→ Saved entries:
=== Begin Enclosure ===

lemma rhs_ge_at_negative_component:
  assumes "ratio_bounded R y" "R \<ge> 0" "y$j < 0"
  shows "- (beta * (1 + etaC + etaA) * R + alpha + omega + phi + rho + psi + theta) * neg_mass y
         \<le> f y $ j"
proof -
  define u where "u = neg_mass y"
  have "u \<ge> 0" using neg_mass_bounds(1) by (simp add: u_def)
  have ge: "- u \<le> y$i" for i using neg_mass_bounds(2)[of y i] by (simp add: u_def)
  have lin: "c * (- u) \<le> c * y$i" if "c \<ge> 0" for c i using ge[of i] that by (rule mult_left_mono)
  have rates: "0 \<le> alpha * u" "0 \<le> omega * u" "0 \<le> phi * u" "0 \<le> rho * u" "0 \<le> psi * u"
    "0 \<le> theta * u" "0 \<le> beta * (1 + etaC + etaA) * R * u"
    using \<open>u \<ge> 0\<close> alpha omega phi rho psi theta beta etaC etaA \<open>R \<ge> 0\<close> by simp_all
  have inc: "- (beta * (1 + etaC + etaA) * R) * u \<le> incidence y"
    "y$1 < 0 \<Longrightarrow> incidence y \<le> beta * (1 + etaC + etaA) * R * u"
    using incidence_bounds[OF assms(1,2)] by (simp_all add: u_def)
  have own: "c * y$j \<le> 0" if "c \<ge> 0" for c using assms(3) that by (simp add: mult_nonneg_nonpos)
  have "j = 1 \<or> j = 2 \<or> j = 3 \<or> j = 4 \<or> j = 5" by (rule exhaust_5)
  then show ?thesis
  proof (elim disjE)
    assume "j = 1"
    then show ?thesis using assms(3) inc(2) lin[of theta 5] mu psi theta Lam rates
        own[of "mu + psi"] by (simp add: rhs_nth u_def algebra_simps)
  next
    assume "j = 2"
    then show ?thesis using assms(3) inc(1) lin[of alpha 4] lin[of omega 3] own[of "rho + phi + mu"]
        mu phi rho alpha omega rates by (simp add: rhs_nth u_def algebra_simps)
  next
    assume "j = 3"
    then show ?thesis using assms(3) lin[of phi 2] own[of "omega + mu"] mu omega phi rates
      by (simp add: rhs_nth u_def algebra_simps)
  next
    assume "j = 4"
    then show ?thesis using assms(3) lin[of rho 2] own[of "alpha + mu + d"] mu alpha d rho rates
      by (simp add: rhs_nth u_def algebra_simps)
  next
    assume "j = 5"
    then show ?thesis using assms(3) lin[of psi 1] own[of "mu + theta"] mu theta psi rates
      by (simp add: rhs_nth u_def algebra_simps)
  qed
qed

lemma pop_lipschitz: "\<bar>pop y - pop z\<bar> \<le> 5 * dist y z"
proof -
  have comp: "\<bar>(y - z)$j\<bar> \<le> dist y z" for j
    unfolding dist_norm by (rule component_le_norm_cart)
  show ?thesis
    using comp[of 1] comp[of 2] comp[of 3] comp[of 4] comp[of 5] by (simp add: pop_def abs_le_iff)
qed

lemma ratio_bounded_near_positive_pop:
  fixes x :: "real \<Rightarrow> real^5" and T :: real
  assumes cont: "continuous (at T within {0..}) x" and "T \<ge> 0" and N0: "pop (x T) > 0"
  shows "\<exists>h>0. \<exists>R\<ge>0. \<forall>t\<in>{T..T+h}. ratio_bounded R (x t)"
proof -
  define e where "e = min 1 (pop (x T) / 10)"
  have "e > 0" using N0 by (simp add: e_def)
  then obtain \<delta> where "\<delta> > 0" and close: "\<And>t. t \<in> {0..} \<Longrightarrow> dist t T < \<delta> \<Longrightarrow> dist (x t) (x T) < e"
    using cont unfolding continuous_within_eps_delta by blast
  define R where "R = 2 * (norm (x T) + 1) / pop (x T)"
  have "R \<ge> 0" using N0 by (simp add: R_def)
  have "ratio_bounded R (x t)" if t: "t \<in> {T..T+\<delta>/2}" for t
  proof -
    have near: "dist (x t) (x T) < e" using t \<open>T \<ge> 0\<close> \<open>\<delta> > 0\<close> by (intro close) (auto simp: dist_real_def)
    have "\<bar>pop (x t) - pop (x T)\<bar> < 5 * e" using pop_lipschitz[of "x t" "x T"] near by linarith
    then have Nt: "pop (x t) > pop (x T) / 2" unfolding e_def by linarith
    have "\<bar>x t $ j\<bar> \<le> R * pop (x t)" for j
    proof -
      have "\<bar>x t $ j\<bar> \<le> norm (x t)" by (rule component_le_norm_cart)
      also have "\<dots> \<le> norm (x T) + dist (x t) (x T)" by (simp add: dist_norm norm_triangle_sub)
      also have "\<dots> \<le> R * (pop (x T) / 2)" using near N0 by (simp add: R_def e_def)
      also have "\<dots> \<le> R * pop (x t)" using Nt \<open>R \<ge> 0\<close> by (intro mult_left_mono) auto
      finally show ?thesis .
    qed
    then show ?thesis using Nt N0 by (simp add: ratio_bounded_def)
  qed
  then show ?thesis using \<open>R \<ge> 0\<close> \<open>\<delta> > 0\<close> by (intro exI[of _ "\<delta>/2"]) auto
qed

lemma ratio_bounded_near_S_axis:
  assumes "c \<ge> 0" and "\<bar>y$1 - c\<bar> \<le> c / 10" and others: "\<And>j. j \<noteq> 1 \<Longrightarrow> \<bar>y$j\<bar> \<le> c / 10"
  shows "ratio_bounded 4 y"
proof (cases "c = 0")
  case True
  then have "y = 0" using assms by (auto simp: vec5_eq_iff)
  then show ?thesis by (simp add: ratio_bounded_def)
next
  case False
  have "\<bar>y$2\<bar> \<le> c / 10" "\<bar>y$3\<bar> \<le> c / 10" "\<bar>y$4\<bar> \<le> c / 10" "\<bar>y$5\<bar> \<le> c / 10"
    using others[of 2] others[of 3] others[of 4] others[of 5] by simp_all
  then have N: "pop y \<ge> c / 2" using assms(2) unfolding pop_def abs_le_iff by linarith
  have bound: "\<bar>y$j\<bar> \<le> c + c / 10" for j
  proof (cases "j = 1")
    case True
    show ?thesis unfolding True using assms(1,2) unfolding abs_le_iff by linarith
  qed (use others \<open>c \<ge> 0\<close> in force)
  have "\<bar>y$j\<bar> \<le> 4 * pop y" for j using bound[of j] N \<open>c \<ge> 0\<close> by linarith
  moreover have "pop y > 0" using N False \<open>c \<ge> 0\<close> by linarith
  ultimately show ?thesis by (simp add: ratio_bounded_def)
qed

text \<open>At the origin the flow points along the \<open>S\<close>-axis, so just after a visit to the origin
  the susceptibles dominate all other components.\<close>
lemma ratio_bounded_near_origin:
  assumes sol: "ode_solution f x" and "T \<ge> 0" and xT: "x T = 0"
  shows "\<exists>h>0. \<forall>t\<in>{T..T+h}. ratio_bounded 4 (x t)"
proof -
  define v where "v = mk5 Lam 0 0 0 0"
  have "Lam / 10 > 0" using Lam by simp
  have "(x has_derivative (\<lambda>h. h *\<^sub>R v)) (at T within {0..})"
    using sol \<open>T \<ge> 0\<close> xT rhs_origin unfolding ode_solution_def has_vector_derivative_def v_def by auto
  then obtain \<delta> where "\<delta> > 0" and approx: "\<And>t. t \<in> {0..} \<Longrightarrow> norm (t - T) < \<delta> \<Longrightarrow>
      norm (x t - x T - (t - T) *\<^sub>R v) \<le> Lam / 10 * norm (t - T)"
    using \<open>Lam / 10 > 0\<close> unfolding has_derivative_within_alt by blast
  have "ratio_bounded 4 (x t)" if t: "t \<in> {T..T+\<delta>/2}" for t
  proof (rule ratio_bounded_near_S_axis)
    define s where "s = t - T"
    have "s \<ge> 0" using t by (simp add: s_def)
    then show "Lam * s \<ge> 0" using Lam by simp
    have "norm (x t - s *\<^sub>R v) \<le> Lam * s / 10"
      using approx[of t] t \<open>T \<ge> 0\<close> \<open>\<delta> > 0\<close> xT \<open>s \<ge> 0\<close> by (simp add: s_def)
    then have comp: "\<bar>(x t - s *\<^sub>R v) $ j\<bar> \<le> Lam * s / 10" for j
      using component_le_norm_cart[of "x t - s *\<^sub>R v" j] by linarith
    show "\<bar>x t $ 1 - Lam * s\<bar> \<le> Lam * s / 10" using comp[of 1] by (simp add: v_def mult.commute)
    show "\<bar>x t $ j\<bar> \<le> Lam * s / 10" if "j \<noteq> 1" for j
      using comp[of j] that exhaust_5[of j] by (auto simp: v_def)
  qed
  then show ?thesis using \<open>\<delta> > 0\<close> by (intro exI[of _ "\<delta>/2"]) auto
qed

lemma nonneg_invariant:
  assumes sol: "ode_solution f x" and "\<forall>i. 0 \<le> x 0 $ i" and "t \<ge> 0"
  shows "\<forall>i. 0 \<le> x t $ i"
proof (rule nonneg_invariant_if_locally_quasi_positive[OF sol assms(2) _ assms(3)])
  fix T :: real assume "T \<ge> 0" and nonneg: "\<forall>i. 0 \<le> x T $ i"
  obtain h R where "h > 0" "R \<ge> 0" and bounded: "\<forall>t\<in>{T..T+h}. ratio_bounded R (x t)"
  proof (cases "x T = 0")
    case True
    then show ?thesis using ratio_bounded_near_origin[OF sol \<open>T \<ge> 0\<close>] that[of _ 4] by auto
  next
    case False
    then have "pop (x T) > 0" using nonneg by (auto simp: pop_def all_5_iff vec5_eq_iff)
    moreover have "continuous (at T within {0..}) x"
      using ode_solution_continuous_on[OF sol] \<open>T \<ge> 0\<close> by (simp add: continuous_on_eq_continuous_within)
    ultimately show ?thesis using ratio_bounded_near_positive_pop \<open>T \<ge> 0\<close> that by blast
  qed
  define K where "K = beta * (1 + etaC + etaA) * R + alpha + omega + phi + rho + psi + theta"
  have "K \<ge> 0" using \<open>R \<ge> 0\<close> etaC etaA alpha omega phi rho psi theta beta by (simp add: K_def)
  have "- K * neg_mass (x t) \<le> f (x t) $ j" if "t \<in> {T..T+h}" "x t $ j < 0" for t j
    unfolding K_def using bounded that \<open>R \<ge> 0\<close> by (intro rhs_ge_at_negative_component) auto
  then show "\<exists>h>0. \<exists>K\<ge>0. \<forall>t\<in>{T..T+h}. \<forall>j. x t $ j < 0 \<longrightarrow> - K * neg_mass (x t) \<le> f (x t) $ j"
    using \<open>h > 0\<close> \<open>K \<ge> 0\<close> by blast
qed

definition S0 :: "real" where
  "S0 = (theta + mu) * Lam / (mu * (theta + psi + mu))"
definition E0 :: "real" where
  "E0 = psi * Lam / (mu * (theta + psi + mu))"
definition dfe :: "real^5" where
  "dfe = mk5 S0 0 0 0 E0"

lemma dfe_coordinates:
  shows "S0 + E0 = Lam / mu" "(mu + theta + psi) * E0 = psi * Lam / mu"
    and "Lam - mu * S0 - psi * S0 + theta * E0 = 0" "psi * S0 - (mu + theta) * E0 = 0"
    and "0 \<le> S0" "0 \<le> E0"
proof -
  define D where "D = mu * (theta + psi + mu)"
  have "D > 0" using mu theta psi by (simp add: D_def)
  then show "0 \<le> S0" "0 \<le> E0" using Lam mu theta psi by (simp_all add: S0_def E0_def D_def[symmetric])
  have hS: "S0 * D = (theta + mu) * Lam" "E0 * D = psi * Lam"
    using \<open>D > 0\<close> by (simp_all add: S0_def E0_def D_def[symmetric])
  have cancel: "a = b" if "a * D = b * D" for a b using that \<open>D > 0\<close> by simp
  have "(S0 + E0) * D = (Lam / mu) * D" using hS mu by (simp add: D_def algebra_simps)
  then show "S0 + E0 = Lam / mu" by (rule cancel)
  have "((mu + theta + psi) * E0) * mu = psi * Lam" using hS by (simp add: D_def algebra_simps)
  then show "(mu + theta + psi) * E0 = psi * Lam / mu" using mu by (simp add: eq_divide_eq)
  have "(Lam - mu * S0 - psi * S0 + theta * E0) * D = Lam * D - (mu + psi) * (S0 * D) + theta * (E0 * D)"
    by (simp add: algebra_simps)
  also have "\<dots> = 0 * D" unfolding hS by (simp add: D_def algebra_simps)
  finally show "Lam - mu * S0 - psi * S0 + theta * E0 = 0" by (rule cancel)
  have "(psi * S0 - (mu + theta) * E0) * D = psi * (S0 * D) - (mu + theta) * (E0 * D)"
    by (simp add: algebra_simps)
  also have "\<dots> = 0 * D" unfolding hS by (simp add: algebra_simps)
  finally show "psi * S0 - (mu + theta) * E0 = 0" by (rule cancel)
qed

=== End Enclosure ===

→ TASK ITEM: Filter the records for the word "others" and show every line that has it.

→ SOLUTION:
  assumes "c \<ge> 0" and "\<bar>y$1 - c\<bar> \<le> c / 10" and others: "\<And>j. j \<noteq> 1 \<Longrightarrow> \<bar>y$j\<bar> \<le> c / 10"
    using others[of 2] others[of 3] others[of 4] others[of 5] by simp_all
  qed (use others \<open>c \<ge> 0\<close> in force)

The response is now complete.